Santa Barbara County fire investigations have become a regional effort with the District Attorney’s Arson Task Force, which has helped agencies solve more cases — faster — and track serial arsonists throughout multiple jurisdictions.
Every month, the conference room at the District Attorney’s Office, 1112 Santa Barbara St., is packed with fire and law enforcement officials who meet up to talk about all things fire.
Before Joyce Dudley was elected district attorney and started the group, agencies rarely communicated or collaborated with teach other. Now, she says, “the camaraderie is off the charts.”
At the last meeting, representatives of participating agencies said the task force has helped in responding to fires and getting broader support for investigations and training. Suddenly, 30 people can weigh in on a theory or help with a challenging case, instead of each department working alone.
“It’s never been so cohesive and organized,” Santa Barbara city Fire Marshal Joe Poire told Noozhawk.
Sharing information and people has helped everyone with training, since they get on-scene experience with different kinds of fires and investigations, said Dena Foose, a fire engineer with the Lompoc Fire Department.

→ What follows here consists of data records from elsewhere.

lemma cpos_less_k:
  assumes "S \<subset> {0..k}" "x \<in> S"
  shows "cpos k S x < k"
  using assms cpos_formula[OF assms(1)] cmiss_le_notin[OF assms(1)]
  by (cases "x = cmiss k S") (auto split: if_splits)

lemma transp_clt: "transp (clt k S)" "transp (\<lambda>x y. clt k S y x)"
  unfolding transp_def clt_def by auto

(* Letters of S sit at positions below k (position k is taken by cmiss k S), so the
   congruence x = c - 1 mod k + 1 is plain adjacency of positions, without wrap-around. *)
lemma cpos_adjacent_iff:
  assumes S: "S \<subset> {0..k}" and x: "x \<in> S" and c: "c \<le> k"
  shows "(int x - int c) mod int (k + 1) = (-1) mod int (k + 1)
     \<longleftrightarrow> cpos k S x + 1 = cpos k S c"
proof -
  define n where "n = int (k + 1)"
  define d where "d = int k - int (cmiss k S)"
  have cpos_int: "int (cpos k S y) = (int y + d) mod n" for y
    using cmiss_le_notin(1)[OF S] unfolding cpos_def d_def n_def
    by (simp add: zmod_int of_nat_diff add_diff_eq)
  have "(int x - int c) mod n = (-1) mod n \<longleftrightarrow> (int x + d + 1) mod n = (int c + d) mod n"
    by (simp add: mod_eq_dvd_iff algebra_simps)
  also have "\<dots> \<longleftrightarrow> ((int x + d) mod n + 1) mod n = (int c + d) mod n"
    by (simp add: mod_add_left_eq)
  also have "\<dots> \<longleftrightarrow> (int (cpos k S x) + 1) mod n = int (cpos k S c)"
    unfolding cpos_int by simp
  also have "\<dots> \<longleftrightarrow> int (cpos k S x) + 1 = int (cpos k S c)"
    using cpos_less_k[OF S x] unfolding n_def by (simp add: mod_pos_pos_trivial)
  also have "\<dots> \<longleftrightarrow> cpos k S x + 1 = cpos k S c"
    by arith
  finally show ?thesis unfolding n_def .
qed

lemma krels_commuteI:
  assumes S: "S \<subset> {0..k}" and x: "x \<in> S" and c: "c \<in> S"
    and "cpos k S x + 1 \<noteq> cpos k S c" "cpos k S c + 1 \<noteq> cpos k S x"
  shows "([x, c], [c, x]) \<in> krels k"
proof -
  define n where "n = int (k + 1)"
  have "x \<le> k" "c \<le> k" using S x c by auto
  have "(int x - int c) mod n = 1 mod n \<longleftrightarrow> n dvd (int x - int c - 1)"
    by (simp add: mod_eq_dvd_iff)
  also have "\<dots> \<longleftrightarrow> n dvd (int c - int x + 1)"
    using dvd_minus_iff[of n "int x - int c - 1"] by (simp add: algebra_simps)
  also have "\<dots> \<longleftrightarrow> (int c - int x) mod n = (-1) mod n"
    by (simp add: mod_eq_dvd_iff)
  finally have "(int x - int c) mod n \<noteq> 1 mod n" "(int x - int c) mod n \<noteq> (-1) mod n"
    using assms cpos_adjacent_iff[OF S x \<open>c \<le> k\<close>] cpos_adjacent_iff[OF S c \<open>x \<le> k\<close>]
    unfolding n_def by auto
  then show ?thesis
    using \<open>x \<le> k\<close> \<open>c \<le> k\<close> unfolding krels_def n_def
    by (intro UnI2 CollectI exI[of _ x] exI[of _ c]) simp
qed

The task force meetings are filled with people from the county Fire Department, the U.S. Forest Service, Vandenberg Air Force Base’s fire department, UCSB campus police and fire marshals, the Sheriff’s Department, city fire and police departments, and District Attorney’s Office staff members.
“I bet it’s a big number of cases that have had at least one person help with the investigation,” said Santa Barbara Fire Investigator Ryan DiGuilio.
The agencies have established a call-out system so anyone available and interested can respond, Dudley said.
Usually about 9 percent of a fire’s investigative time is on the scene, and a fire can’t always be called arson — or even suspicious — until later, Poire said.
In fact, many suspicious fires are classified as undetermined if they can’t be proven to be arson, which is why witness interviews are important, said county Fire Investigator Jay Snodgrass.
To that end, agencies are training more law enforcement officials in arson investigations and Dudley has dedicated employees who work arson cases and respond to scenes to conduct witness interviews alongside fire crews.
District Attorney investigator Bob Lowry and Deputy District Attorney Mary Barron have attended trainings for arson and are usually more skilled at interviewing — and less busy on the scene — than firefighters, Dudley explained.
“The task force has been helpful for all of us,” said UCSB Deputy Fire Marshal Eric Ruse, whose campus department has been busier than usual lately with an arson case at a construction site and two firebombings at the Sheriff’s Department’s Isla Vista Foot Patrol substation.
Ruse said members of the county Fire Department and CAL-FIRE were on the construction site fire scene immediately, on their hands and knees in the dirt looking for clues for hours.
“Without them we would have been lost,” he said.
The task force also forms a critical link between fire and law enforcement departments. Although California has a registry of all convicted arsonists, the state Department of Justice limits database access to law enforcement agencies.
“So, the fire suppression teams have no clue if an arsonist lives at the location they’re responding to,” Dudley said.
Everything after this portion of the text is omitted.